So the recent news of Fox picking up the series for a limited-run tenth season (which, no, is not necessarily a positive development, thank you for asking) has got me to thinking that the property just might have finally obtained the right amount of staying power to make it a serious contender to be one of Halloween Horror Nights’s haunted houses, maybe even for this year. What’s that, you say? All of 2015’s nine houses have already been accounted for? Why, yes, it may be true that Universal Art and Design currently has the roster completely filled, but it’s also true that licensing deals fall apart, sometimes even at the last possible minute, which makes having backup intellectual properties a must.

But why The X-Files?
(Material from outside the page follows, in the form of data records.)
(* Let $p\in[1,\infty]$ and $m,n\in\mathbb N$, and let $$\mathbb H^n_G(m):=\Big\{\frac{\boldsymbol w}{\|\boldsymbol w\|_p}:\boldsymbol w\ne\boldsymbol0,\ w_i\in\{0,\pm\tfrac1m,\pm\tfrac2m,\dots,\pm1\},\ i=1,\dots,n\Big\}.$$ Then $|\mathbb H^n_G(m)|\le(2m+1)^n$, and for any $\boldsymbol x\in\mathbb S^n_p$ there exists $\boldsymbol y\in\mathbb H^n_G(m)$ such that for every $\boldsymbol z\in\mathbb R^n$: if $\boldsymbol y^{\mathrm T}\boldsymbol z\ge0$ then $\boldsymbol y^{\mathrm T}\boldsymbol z-\frac{\|\boldsymbol z\|_1}m\le\boldsymbol x^{\mathrm T}\boldsymbol z\le(1+\frac{n^{1/p}}m)\boldsymbol y^{\mathrm T}\boldsymbol z+\frac{\|\boldsymbol z\|_1}m$; if $\boldsymbol y^{\mathrm T}\boldsymbol z<0$ then $(1+\frac{n^{1/p}}m)\boldsymbol y^{\mathrm T}\boldsymbol z-\frac{\|\boldsymbol z\|_1}m\le\boldsymbol x^{\mathrm T}\boldsymbol z\le\boldsymbol y^{\mathrm T}\boldsymbol z+\frac{\|\boldsymbol z\|_1}m$.
   Context: $\mathbb S^n_p=\{\boldsymbol x\in\mathbb R^n:\|\boldsymbol x\|_p=1\}$. *)

theory Defs
  imports "HOL-Analysis.Analysis" "HOL-Library.Extended_Real"
begin

definition pnorm :: "ereal \<Rightarrow> real ^ 'n \<Rightarrow> real" where
  "pnorm p x = (if p = \<infinity> then Max (range (\<lambda>i. \<bar>x $ i\<bar>))
               else (\<Sum>i\<in>UNIV. \<bar>x $ i\<bar> powr real_of_ereal p) powr (1 / real_of_ereal p))"

definition norm1 :: "real ^ 'n \<Rightarrow> real" where
  "norm1 z = (\<Sum>i\<in>UNIV. \<bar>z $ i\<bar>)"

text \<open>n^(1/p), with the convention 1/infinity = 0.\<close>
definition root_p :: "ereal \<Rightarrow> nat \<Rightarrow> real" where
  "root_p p n = (if p = \<infinity> then 1 else real n powr (1 / real_of_ereal p))"

definition gridH :: "ereal \<Rightarrow> nat \<Rightarrow> (real ^ 'n) set" where
  "gridH p m = {(1 / pnorm p w) *\<^sub>R w | w. w \<noteq> 0 \<and>
      (\<forall>i. w $ i \<in> {real_of_int k / real m | k. \<bar>k\<bar> \<le> int m})}"

end

theory Submission
  imports Defs
begin

text \<open>Round every coordinate of \<open>x\<close> away from zero onto the grid \<open>(1/m)\<int>\<close>, obtaining \<open>w\<close>.
  Then \<open>|x\<^sub>i| \<le> |w\<^sub>i| \<le> |x\<^sub>i| + 1/m\<close>, so monotonicity of the \<open>p\<close>-norm and Minkowski's inequality
  (against the constant vector \<open>1/m\<close>) give \<open>1 \<le> N \<le> 1 + n\<^bsup>1/p\<^esup>/m\<close> for \<open>N = \<parallel>w\<parallel>\<^sub>p\<close>.
  The grid point is \<open>y = w/N\<close>: since \<open>|x\<^sub>i - w\<^sub>i| \<le> 1/m\<close>, the product \<open>x\<^sup>Tz\<close> is within
  \<open>\<parallel>z\<parallel>\<^sub>1/m\<close> of \<open>w\<^sup>Tz = N y\<^sup>Tz\<close>, and \<open>N y\<^sup>Tz\<close> lies between \<open>y\<^sup>Tz\<close> and \<open>(1 + n\<^bsup>1/p\<^esup>/m) y\<^sup>Tz\<close>.\<close>

lemma convex_on_powr_nonneg:
  assumes "1 \<le> p"
  shows "convex_on {0..} (\<lambda>x::real. x powr p)"
proof
  fix t x y :: real
  assume t: "0 < t" "t < 1" and xy: "x \<in> {0..}" "y \<in> {0..}"
  consider "0 < x" "0 < y" | "x = 0" | "y = 0" using xy by fastforce
  then show "((1 - t) *\<^sub>R x + t *\<^sub>R y) powr p \<le> (1 - t) * x powr p + t * y powr p"
  proof cases
    case 1
    then show ?thesis using convex_onD[OF powr_convex[OF assms], of t x y] t by simp
  next
    case 2
    have "(t * y) powr p = t powr p * y powr p" using t xy by (simp add: powr_mult)
    also have "\<dots> \<le> t * y powr p" using powr_le_one_le[of t p] t assms by (intro mult_right_mono) auto
    finally show ?thesis using 2 by simp
  next
    case 3
    have "((1 - t) * x) powr p = (1 - t) powr p * x powr p" using t xy by (simp add: powr_mult)
    also have "\<dots> \<le> (1 - t) * x powr p" using powr_le_one_le[of "1 - t" p] t assms by (intro mult_right_mono) auto
    finally show ?thesis using 3 by simp
  qed
qed simp

text \<open>Convexity of \<open>u\<^sup>r\<close> at \<open>(a + b)/(A + B)\<close>, the convex combination of \<open>a/A\<close> and \<open>b/B\<close>
  with weights \<open>A/(A + B)\<close> and \<open>B/(A + B)\<close>; summed over coordinates this is Minkowski's inequality.\<close>

lemma powr_add_le_weighted:
  fixes a b A B r :: real
  assumes r: "1 \<le> r" and ab: "0 \<le> a" "0 \<le> b" and AB: "0 < A" "0 < B"
  shows "(a + b) powr r \<le> (A + B) powr (r - 1) * (a powr r / A powr (r - 1) + b powr r / B powr (r - 1))"
proof -
  define t where "t = B / (A + B)"
  have t: "0 \<le> t" "t \<le> 1" "1 - t = A / (A + B)" using AB by (auto simp: t_def field_simps)
  have "(1 - t) * (a / A) = a / (A + B)" using AB by (simp add: t(3))
  moreover have "t * (b / B) = b / (A + B)" using AB by (simp add: t_def)
  ultimately have mix: "(1 - t) *\<^sub>R (a / A) + t *\<^sub>R (b / B) = (a + b) / (A + B)"
    by (simp add: add_divide_distrib)
  have "((a + b) / (A + B)) powr r \<le> (1 - t) * (a / A) powr r + t * (b / B) powr r"
    using convex_onD[OF convex_on_powr_nonneg[OF r] t(1,2), of "a / A" "b / B"] ab AB mix by simp
  then have "(a + b) powr r / (A + B) powr r
             \<le> A / (A + B) * (a powr r / A powr r) + B / (A + B) * (b powr r / B powr r)"
    unfolding t(3) using AB ab by (simp add: t_def powr_divide)
  then have "(a + b) powr r
             \<le> (A + B) powr r * (A / (A + B) * (a powr r / A powr r) + B / (A + B) * (b powr r / B powr r))"
    using AB by (simp add: pos_divide_le_eq mult.commute)
  also have "\<dots> = (A + B) powr (r - 1) * (a powr r / A powr (r - 1) + b powr r / B powr (r - 1))"
  proof -
    have "A powr r \<noteq> 0" "B powr r \<noteq> 0" "A + B \<noteq> 0" using AB by auto
    then show ?thesis using AB by (simp add: powr_diff divide_simps)
  qed
  finally show ?thesis .
qed

lemma minkowski_sum_powr:
  fixes a b :: "'i \<Rightarrow> real"
  assumes I: "finite I" and r: "1 \<le> r" and a: "\<forall>i\<in>I. 0 \<le> a i" and b: "\<forall>i\<in>I. 0 \<le> b i"
  shows "(\<Sum>i\<in>I. (a i + b i) powr r) powr (1 / r)
           \<le> (\<Sum>i\<in>I. a i powr r) powr (1 / r) + (\<Sum>i\<in>I. b i powr r) powr (1 / r)"
proof -
  define A where "A = (\<Sum>i\<in>I. a i powr r) powr (1 / r)"
  define B where "B = (\<Sum>i\<in>I. b i powr r) powr (1 / r)"
  have A_pow: "A powr r = (\<Sum>i\<in>I. a i powr r)" and B_pow: "B powr r = (\<Sum>i\<in>I. b i powr r)"
    using r by (simp_all add: A_def B_def powr_powr sum_nonneg)
  consider "A = 0" | "B = 0" | "0 < A" "0 < B" by (force simp: A_def B_def)
  then show ?thesis
  proof cases
    case 1
    then have "\<forall>i\<in>I. a i = 0" using A_pow I a r by (simp add: sum_nonneg_eq_0_iff)
    then show ?thesis using 1 by (simp add: A_def B_def)
  next
    case 2
    then have "\<forall>i\<in>I. b i = 0" using B_pow I b r by (simp add: sum_nonneg_eq_0_iff)
    then show ?thesis using 2 by (simp add: A_def B_def)
  next
    case 3
    have "(\<Sum>i\<in>I. (a i + b i) powr r)
          \<le> (\<Sum>i\<in>I. (A + B) powr (r - 1) * (a i powr r / A powr (r - 1) + b i powr r / B powr (r - 1)))"
      using a b 3 by (intro sum_mono powr_add_le_weighted[OF r]) auto
    also have "\<dots> = (A + B) powr (r - 1) * (A powr r / A powr (r - 1) + B powr r / B powr (r - 1))"
      by (simp add: A_pow B_pow sum_distrib_left sum_divide_distrib sum.distrib distrib_left)
    also have "\<dots> = (A + B) powr r"
      using 3 by (simp add: powr_diff)
    finally have "(\<Sum>i\<in>I. (a i + b i) powr r) powr (1 / r) \<le> ((A + B) powr r) powr (1 / r)"
      using r a b by (intro powr_mono2) (auto intro: sum_nonneg)
    also have "\<dots> = A + B" using r 3 by (simp add: powr_powr)
    finally show ?thesis by (simp add: A_def B_def)
  qed
qed

lemma pnorm_zero [simp]: "pnorm p 0 = 0"
  by (simp add: pnorm_def)

lemma pnorm_finite: "pnorm (ereal r) x = (\<Sum>i\<in>UNIV. \<bar>x $ i\<bar> powr r) powr (1 / r)"
  by (simp add: pnorm_def)

lemma pnorm_infinity: "pnorm \<infinity> x = Max (range (\<lambda>i. \<bar>x $ i\<bar>))"
  by (simp add: pnorm_def)

lemma abs_le_pnorm:
  assumes "0 < p"
  shows "\<bar>x $ i\<bar> \<le> pnorm p x"
proof (cases p)
  case (real r)
  then have "0 < r" using assms by simp
  then have "\<bar>x $ i\<bar> = (\<bar>x $ i\<bar> powr r) powr (1 / r)" by (simp add: powr_powr)
  also have "\<dots> \<le> (\<Sum>j\<in>UNIV. \<bar>x $ j\<bar> powr r) powr (1 / r)"
    using \<open>0 < r\<close> by (intro powr_mono2 member_le_sum) auto
  finally show ?thesis by (simp add: real pnorm_finite)
qed (use assms in \<open>auto simp: pnorm_infinity\<close>)

lemma pnorm_mono:
  assumes "0 < p" and le: "\<forall>i. \<bar>x $ i\<bar> \<le> \<bar>y $ i\<bar>"
  shows "pnorm p x \<le> pnorm p y"
proof (cases p)
  case (real r)
  then have "0 < r" using assms by simp
  then show ?thesis
    using le by (simp add: real pnorm_finite powr_mono2 sum_mono sum_nonneg)
next
  case PInf
  have "\<bar>x $ i\<bar> \<le> pnorm p y" for i
    using le abs_le_pnorm[OF assms(1), of y i] by (meson order.trans)
  then show ?thesis by (simp add: PInf pnorm_infinity)
qed (use assms in simp)

lemma pnorm_le_add_const:
  fixes x y :: "real ^ 'n"
  assumes p: "1 \<le> p" and c: "0 \<le> c" and le: "\<forall>i. \<bar>y $ i\<bar> \<le> \<bar>x $ i\<bar> + c"
  shows "pnorm p y \<le> pnorm p x + root_p p CARD('n) * c"
proof (cases p)
  case (real r)
  then have r: "1 \<le> r" using p by simp
  have "pnorm p y \<le> (\<Sum>i\<in>UNIV. (\<bar>x $ i\<bar> + c) powr r) powr (1 / r)"
    using r le c by (simp add: real pnorm_finite powr_mono2 sum_mono sum_nonneg)
  also have "\<dots> \<le> pnorm p x + (\<Sum>i\<in>(UNIV :: 'n set). c powr r) powr (1 / r)"
    unfolding real pnorm_finite
    using minkowski_sum_powr[of "UNIV :: 'n set" r "\<lambda>i. \<bar>x $ i\<bar>" "\<lambda>_. c"] r c by simp
  also have "(\<Sum>i\<in>(UNIV :: 'n set). c powr r) powr (1 / r) = root_p p CARD('n) * c"
    using r c by (simp add: real root_p_def powr_mult powr_powr)
  finally show ?thesis .
next
  case PInf
  have "\<bar>y $ i\<bar> \<le> pnorm p x + c" for i
    using le[rule_format, of i] abs_le_pnorm[of p x i] PInf by simp
  then show ?thesis by (simp add: PInf pnorm_infinity root_p_def)
qed (use p in simp)
(* Let $\lambda,\mu$ be partitions, $n$ a positive integer, and let $M$ be a multiline queue of shape $\mu$ on $n$ columns whose $j$-th column contains exactly $\lambda'_j$ balls for each $j$. Then $\rho_N(M)=M(\lambda')$ if and only if the row word $\mathrm{rw}(M)$ is a lattice word.
   Context: For a partition $\nu$ with conjugate $\nu'$, a multiline queue of shape $\nu$ on $n$ columns is a tuple $(B_1,\dots,B_{\nu_1})$ of subsets of $[n]$ with $|B_j|=\nu'_j$, drawn with rows bottom to top, columns $1..n$ left to right, ball in $(r,j)$ iff $j\in B_r$; tuples with empty top rows are identified with the tuple obtained by deleting those rows. $M(\nu)=(M_1,\dots,M_{\nu_1})$ with $M_j=\{1,\dots,\nu'_j\}$ is the left-justified multiline queue of shape $\nu$. The row word $\mathrm{rw}(M)$ scans rows bottom to top, each row left to right, recording column numbers of balls; the column word $\mathrm{cw}(M)$ scans columns left to right, each top to bottom, recording row numbers. A word is a lattice word if every initial segment contains at least as many letters $i$ as letters $i+1$ for every $i\ge1$. Collapsing: $\mathrm{Par}_i(w)$ writes "(" for each letter $i+1$ and ")" for each letter $i$ of $w$, left to right, and iteratively matches a "(" with a ")" to its right when adjacent or separated only by matched parentheses. $e_i^\star(B)$ moves every ball of row $i+1$ whose letter in $\mathrm{cw}(B)$ is unmatched in $\mathrm{Par}_i(\mathrm{cw}(B))$ down to row $i$ in the same column. With $L$ the number of rows, $e^\star_{[a,b]}=e^\star_ae^\star_{a+1}\cdots e^\star_b$ (acting right to left) and $\rho_N(B)=e^\star_{[1,L-1]}\cdots e^\star_{[1,1]}(B)$. *)

theory Defs
  imports Main
begin

definition is_partition :: "nat list \<Rightarrow> bool" where
  "is_partition \<nu> \<longleftrightarrow> sorted_wrt (\<ge>) \<nu> \<and> 0 \<notin> set \<nu>"

definition part :: "nat list \<Rightarrow> nat \<Rightarrow> nat" where
  "part \<nu> i = (if 1 \<le> i \<and> i \<le> length \<nu> then \<nu> ! (i - 1) else 0)"

text \<open>Conjugate partition, 1-indexed: conjugate nu j = number of parts \<ge> j (meaningful for j \<ge> 1).\<close>
definition conjugate :: "nat list \<Rightarrow> nat \<Rightarrow> nat" where
  "conjugate \<nu> j = length (filter (\<lambda>x. j \<le> x) \<nu>)"

definition conj_part :: "nat list \<Rightarrow> nat list" where
  "conj_part \<nu> = map (conjugate \<nu>) [1..<part \<nu> 1 + 1]"

text \<open>A multiline queue is represented as a function from row indices to sets of columns;
  row 0 and all rows above the last one are empty (this realises the identification of
  tuples differing by empty top rows).\<close>
definition is_mlq :: "nat list \<Rightarrow> nat \<Rightarrow> (nat \<Rightarrow> nat set) \<Rightarrow> bool" where
  "is_mlq \<mu> n B \<longleftrightarrow> B 0 = {} \<and> (\<forall>r. B r \<subseteq> {1..n}) \<and> (\<forall>r\<ge>1. card (B r) = conjugate \<mu> r)"

definition left_justified :: "nat list \<Rightarrow> (nat \<Rightarrow> nat set)" where
  "left_justified \<nu> = (\<lambda>r. if r = 0 then {} else {1..conjugate \<nu> r})"

definition rw :: "nat \<Rightarrow> (nat \<Rightarrow> nat set) \<Rightarrow> nat list" where
  "rw L B = concat (map (\<lambda>r. sorted_list_of_set (B r)) [1..<L + 1])"

definition cw_pos :: "nat \<Rightarrow> nat \<Rightarrow> (nat \<Rightarrow> nat set) \<Rightarrow> (nat \<times> nat) list" where
  "cw_pos n L B = concat (map (\<lambda>j. map (\<lambda>r. (r, j)) (filter (\<lambda>r. j \<in> B r) (rev [1..<L + 1])))
                               [1..<n + 1])"

definition cw :: "nat \<Rightarrow> nat \<Rightarrow> (nat \<Rightarrow> nat set) \<Rightarrow> nat list" where
  "cw n L B = map fst (cw_pos n L B)"

definition lattice_word :: "nat list \<Rightarrow> bool" where
  "lattice_word w \<longleftrightarrow>
     (\<forall>m \<le> length w. \<forall>i \<ge> 1. count_list (take m w) (Suc i) \<le> count_list (take m w) i)"

text \<open>matched i w p q: position p (a letter i+1, i.e. an opening parenthesis) is matched
  with position q (a letter i, closing parenthesis) to its right, all parenthesis letters
  strictly between them being matched among themselves (iterative matching of adjacent
  pairs; letters other than i, i+1 are ignored). Positions are 0-based.\<close>
inductive matched :: "nat \<Rightarrow> nat list \<Rightarrow> nat \<Rightarrow> nat \<Rightarrow> bool" for i w where
  "\<lbrakk> p < q; q < length w; w ! p = Suc i; w ! q = i;
     \<forall>k. p < k \<and> k < q \<and> w ! k \<in> {i, Suc i} \<longrightarrow>
         (\<exists>a b. p < a \<and> b < q \<and> matched i w a b \<and> (k = a \<or> k = b)) \<rbrakk>
   \<Longrightarrow> matched i w p q"

definition unmatched_cols :: "nat \<Rightarrow> nat \<Rightarrow> nat \<Rightarrow> (nat \<Rightarrow> nat set) \<Rightarrow> nat set" where
  "unmatched_cols i n L B =
     {snd (cw_pos n L B ! p) | p. p < length (cw_pos n L B) \<and> fst (cw_pos n L B ! p) = Suc i
        \<and> \<not> (\<exists>q. matched i (cw n L B) p q)}"

definition estar :: "nat \<Rightarrow> nat \<Rightarrow> nat \<Rightarrow> (nat \<Rightarrow> nat set) \<Rightarrow> (nat \<Rightarrow> nat set)" where
  "estar i n L B = (let U = unmatched_cols i n L B in
      B(i := B i \<union> U, Suc i := B (Suc i) - U))"

text \<open>e*_[a,b] = e*_a e*_(a+1) ... e*_b, acting right to left.\<close>
definition estar_int :: "nat \<Rightarrow> nat \<Rightarrow> nat \<Rightarrow> nat \<Rightarrow> (nat \<Rightarrow> nat set) \<Rightarrow> (nat \<Rightarrow> nat set)" where
  "estar_int n L a b B = foldr (\<lambda>i. estar i n L) [a..<b + 1] B"

definition rhoN :: "nat \<Rightarrow> nat \<Rightarrow> (nat \<Rightarrow> nat set) \<Rightarrow> (nat \<Rightarrow> nat set)" where
  "rhoN n L B = fold (\<lambda>k. estar_int n L 1 k) [1..<L] B"

end

theory Submission
  imports Defs
begin

text \<open>The lattice property of the row word can be read off row by row: \<open>rw M\<close> is a lattice word
  iff for every \<open>s\<close> the first \<open>s\<close> rows contain at least as many balls in column \<open>c\<close> as in
  column \<open>c+1\<close>, because within a row the letters increase.

  The operator \<open>e*_i\<close> only moves balls of row \<open>i+1\<close> down into row \<open>i\<close>, so it changes these
  counts only at level \<open>i\<close>; a violation created there would need a ball in column \<open>c\<close> of
  row \<open>i+1\<close> bracketed with a ball in column \<open>c+1\<close> of row \<open>i\<close>. Hence every \<open>e*_i\<close> reflects the
  lattice property, and since \<open>M(\<lambda>')\<close> is lattice, \<open>\<rho>\<^sub>N(M) = M(\<lambda>')\<close> forces \<open>rw M\<close> to be lattice.

  Conversely, if \<open>rw M\<close> is lattice, column heights decrease from left to right after any number
  of rows. Then \<open>e*_[1,k]\<close> lets the balls of row \<open>k+1\<close> fall onto the columns stacked from rows
  \<open>1..k\<close>: the balls still falling are always the rightmost ones and so are never bracketed.
  Thus \<open>\<rho>\<^sub>N(M)\<close> stacks column \<open>j\<close> to its height \<open>\<lambda>'\<^sub>j\<close>, which is \<open>M(\<lambda>')\<close>.\<close>

definition cw_before :: "nat \<times> nat \<Rightarrow> nat \<times> nat \<Rightarrow> bool" where
  "cw_before a b \<longleftrightarrow> snd a < snd b \<or> (snd a = snd b \<and> fst b < fst a)"

lemma set_cw_pos: "set (cw_pos n L B) = {(r, j). j \<in> {1..n} \<and> r \<in> {1..L} \<and> j \<in> B r}"
  by (auto simp: cw_pos_def image_iff simp del: upt_Suc)

lemma sorted_wrt_concat_map:
  assumes "sorted_wrt Q xs" "\<And>x. x \<in> set xs \<Longrightarrow> sorted_wrt R (f x)"
    and "\<And>x y a b. Q x y \<Longrightarrow> a \<in> set (f x) \<Longrightarrow> b \<in> set (f y) \<Longrightarrow> R a b"
  shows "sorted_wrt R (concat (map f xs))"
  using assms by (induction xs) (auto simp: sorted_wrt_append)

lemma sorted_wrt_cw_pos: "sorted_wrt cw_before (cw_pos n L B)"
  unfolding cw_pos_def
  by (rule sorted_wrt_concat_map[where Q = "(<)"])
     (auto simp: sorted_wrt_map sorted_wrt_rev cw_before_def sorted_wrt_upt
       simp del: upt_Suc intro!: sorted_wrt_filter)

lemma cw_pos_less_iff:
  assumes "p < length (cw_pos n L B)" "q < length (cw_pos n L B)"
  shows "p < q \<longleftrightarrow> cw_before (cw_pos n L B ! p) (cw_pos n L B ! q)"
proof -
  have "cw_before (cw_pos n L B ! x) (cw_pos n L B ! y)" if "x < y" "y < length (cw_pos n L B)" for x y
    using sorted_wrt_cw_pos that by (auto simp: sorted_wrt_iff_nth_less)
  note ordered = this
  show ?thesis
  proof (cases p q rule: linorder_cases)
    case greater
    then have "cw_before (cw_pos n L B ! q) (cw_pos n L B ! p)" using ordered assms(1) by blast
    then show ?thesis using greater by (auto simp: cw_before_def)
  qed (use ordered assms in \<open>auto simp: cw_before_def\<close>)
qed

lemma length_cw [simp]: "length (cw n L B) = length (cw_pos n L B)"
  by (simp add: cw_def)

lemma nth_cw [simp]: "p < length (cw_pos n L B) \<Longrightarrow> cw n L B ! p = fst (cw_pos n L B ! p)"
  by (simp add: cw_def)

lemma unmatched_cols_iff:
  "j \<in> unmatched_cols i n L B \<longleftrightarrow>
     (\<exists>p < length (cw_pos n L B). cw_pos n L B ! p = (Suc i, j) \<and> \<not> (\<exists>q. matched i (cw n L B) p q))"
  unfolding unmatched_cols_def by (auto simp: prod_eq_iff)

lemma unmatched_cols_mem_cw_pos:
  "j \<in> unmatched_cols i n L B \<Longrightarrow> (Suc i, j) \<in> set (cw_pos n L B)"
  unfolding unmatched_cols_iff by (metis nth_mem)

lemma unmatched_cols_subset_row: "unmatched_cols i n L B \<subseteq> B (Suc i)"
  by (auto simp: set_cw_pos dest: unmatched_cols_mem_cw_pos)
There is a richness in the material that far surpasses what Universal normally requires from its IPs, and that quality derives from more than just its incredibly long nine-season-and-two-feature-film run – from the sheer diversity of the subject matter (ranging from aliens to vampires to malevolent AIs to time-travelling murderers) to the huge variety of scares that could be parlayed into the haunted house format, it’s actually hard to think of a better property to unleash on HHN.

The mythology

For the uninitiated, The X-Files was broken up into two different types of episodes: the mythology installments would slowly unravel the show’s byzantine overarching narrative, which revolved around the (returned) presence of extraterrestrials bent on colonizing the planet, while the monster-of-the-week eps were standalone tales about one particular paranormal encounter or another. (Geeky side note: the films follow this same pattern, with the first, 1998’s Fight the Future, being the former and the second, 2008’s I Want to Believe, being the latter.)

Perhaps the most straightforward path for Universal to take in designing the haunt would be a straight retelling of the entire mythology, starting with the aliens’ first visitations during the last Ice Age and then jumping to their return in the 1940s, the forging of their collaboration with the American government in the ‘70s (which starts the infamous string of alien abductions), the disruption of their plans by the intrepid Special Agents Fox Mulder and Dana Scully in 1999, and their rushed attempts at creating a new conspiracy throughout the early 21st century.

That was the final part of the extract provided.